Friday, 29 March 2019

End of the line

Brexit day. Supposedly. There's no getting around it. Theresa May's deal is a long way from what anybody wanted. According to reports, there were cheers from Brexiters outside Westminster when it was announced that the deal had yet again failed to pass. But now it all hangs in the balance. The legal default may be no deal but we have a little while to go before we know exactly which way this goes.

As a long time Brexit campaigner you might expect of me that I would be joining the protest outside Westminster, but this is as much the failure of Brexiters as it is parliament as an institution. I'm not wasting my money to wave flags at a Tommy Robinson jamboree or listen to witless speeches from the likes of Claire Fox of the Spiked ilk who have contributed precisely nothing to the debate over the last three years.

Moreover, leaving without a deal is not something to be celebrated. Terminating all formal trade relations and cooperation accords with our nearest and largest neighbour in peacetime is far from an accomplishment. No deal cannot stay no deal and in due course we'll be back in negotiations with the EU where the preconditions will be to implement the backstop as is and to cough up the £39bn - so we haven't actually achieved anything except to kick our own exporters in the balls.

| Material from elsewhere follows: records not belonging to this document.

(* Let $p$ be a natural number and $\mathcal{M}=M_2(\mathbb{C})\oplus_\infty\cdots\oplus_\infty M_2(\mathbb{C})$ ($p$ times). Let $\mathbf{x}=(x_1,\dots,x_p)\in\mathcal{M}$ with $x_i=\begin{bmatrix} x^{(i)}_{11} & x^{(i)}_{12}\\ x^{(i)}_{21} & x^{(i)}_{22}\end{bmatrix}$, and let $\mathcal{V}=D_2(\mathbb{C})\oplus\cdots\oplus D_2(\mathbb{C})$ ($p$ times), where $D_2(\mathbb{C})$ is the subspace of diagonal matrices in $M_2(\mathbb{C})$. Then \[ dist(\mathbf{x},\mathcal{V}) = \max\{|x_{12}^{(i)}|,|x_{21}^{(i)}|:~1\leq i \leq p\} \quad \text{and} \quad dist_1(\mathbf{x},\mathcal{V})=\sum_{i=1}^p \big(|x^{(i)}_{21}|+|x^{(i)}_{12}|\big). \]
   Context: $\mathcal{M}$ carries the $C^*$-norm $\|(z_1,\dots,z_p)\|=\max_i\|z_i\|$ (operator norms), and $dist$ is the distance in this norm. $dist_1$ is the distance with respect to the norm $\|(z_1,\dots,z_p)\|_1=\sum_i Tr(|z_i|)$ (sum of trace norms). *)

theory Defs
  imports "HOL-Analysis.Analysis"
begin

type_synonym cmat2 = "complex ^ 2 ^ 2"

definition opnorm2 :: "cmat2 \<Rightarrow> real" where
  "opnorm2 z = onorm (\<lambda>v::complex^2. z *v v)"

definition adj2 :: "cmat2 \<Rightarrow> cmat2" where
  "adj2 z = (\<chi> i j. cnj (z $ j $ i))"

definition trace2 :: "cmat2 \<Rightarrow> complex" where
  "trace2 z = (\<Sum>i\<in>UNIV. z $ i $ i)"

definition psd2 :: "cmat2 \<Rightarrow> bool" where
  "psd2 P \<longleftrightarrow> adj2 P = P \<and>
     (\<forall>v::complex^2. Im (\<Sum>i\<in>UNIV. cnj (v $ i) * (P *v v) $ i) = 0
                      \<and> Re (\<Sum>i\<in>UNIV. cnj (v $ i) * (P *v v) $ i) \<ge> 0)"

definition absm2 :: "cmat2 \<Rightarrow> cmat2" where
  "absm2 z = (THE P. psd2 P \<and> P ** P = adj2 z ** z)"

definition tracenorm2 :: "cmat2 \<Rightarrow> real" where
  "tracenorm2 z = Re (trace2 (absm2 z))"

text \<open>Elements of M = M_2(C) (+) ... (+) M_2(C), p summands, are functions on {..<p}.\<close>
definition Mset :: "nat \<Rightarrow> (nat \<Rightarrow> cmat2) set" where
  "Mset p = {x. \<forall>i\<ge>p. x i = 0}"

definition diag2 :: "cmat2 set" where
  "diag2 = {d. \<forall>i j. i \<noteq> j \<longrightarrow> d $ i $ j = 0}"

definition Vset :: "nat \<Rightarrow> (nat \<Rightarrow> cmat2) set" where
  "Vset p = {v \<in> Mset p. \<forall>i<p. v i \<in> diag2}"

definition Mnorm :: "nat \<Rightarrow> (nat \<Rightarrow> cmat2) \<Rightarrow> real" where
  "Mnorm p x = Max ((\<lambda>i. opnorm2 (x i)) ` {..<p})"

definition Mnorm1 :: "nat \<Rightarrow> (nat \<Rightarrow> cmat2) \<Rightarrow> real" where
  "Mnorm1 p x = (\<Sum>i<p. tracenorm2 (x i))"

definition distM :: "nat \<Rightarrow> (nat \<Rightarrow> cmat2) \<Rightarrow> (nat \<Rightarrow> cmat2) set \<Rightarrow> real" where
  "distM p x S = Inf ((\<lambda>v. Mnorm p (x - v)) ` S)"

definition distM1 :: "nat \<Rightarrow> (nat \<Rightarrow> cmat2) \<Rightarrow> (nat \<Rightarrow> cmat2) set \<Rightarrow> real" where
  "distM1 p x S = Inf ((\<lambda>v. Mnorm1 p (x - v)) ` S)"

end

theory Submission
  imports Defs
begin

Though there is much blame to go around, I can no longer single out any one culprit. In the end the ERG didn't come close to winning parliament over to their ideas, but parliament have enabled them through their collective ignorance, indolence and disarray. They could at any time have asserted themselves to hold the executive to account but passed up every opportunity to do so. We have drifted to this point by way of not making any affirmative decisions.

Ultimately, though, this comes down to a schism between parliament and the public. Parliament just won't do what is required of it to deliver on the 2016 vote. They could have leveraged the softer Brexit they prefer. There have been a number of votes on the EEA Efta option, but instead have kicked the can down the road as often as Mrs May has. It was always going to be pushed right to the wire. Now we are at the wire, it comes down to a face-off between no deal and no Brexit. Essentially this is economic blackmail hoping that enough moderate leavers will chicken out. I think it's a little late for that.

As ever, though, the decision is not wholly our own. Brussels will have it's own views in due course, and whatever their verdict will be contingent on Mrs May going back to them with a coherent and decisive message. There is no reason to believe such will be forthcoming. Brussels may very well conclude that there is no mileage in letting this drag on.

The next few days will be telling. The government and parliament both have their work cut out but if they've not yet realised the urgency and gravity of their inaction by now then they probably never will. An accidental Brexit where we simply run out of time and options looks more likely than ever.

If by some means we do end up remaining then I will be torn between two narratives. On the one hand it will be a victory for a newly established ruling class who were never going to let us leave, but then at the same time, with no deal having such profoundly damaging consequences, it is arguable that parliament has done its job. No deal does not have majority support in the country.

Brexiters have held all the top job jobs, had every opportunity to engage in the process and present plans of their own. They could even have voted for May's deal when it mattered. They played for double or quits and there was every possibility they could lose. There was a win within their grasp and they threw it away. All the while, the astonishing ignorance and frivolousness of Brexiteers has undermined their own case through the course of negotiations. Never was a win so readily squandered.

As it happens, though, it really all rests on what Mrs May does next. She would be crucified by her own party were she to revoke Article 50 and there is no apparent support for another referendum. It looks like she has nowhere to go. Parliament's vote has now given control over the Brexit process to the EU Council and Commission. This is the end of the line. Whichever way it goes, this chapter ends in failure.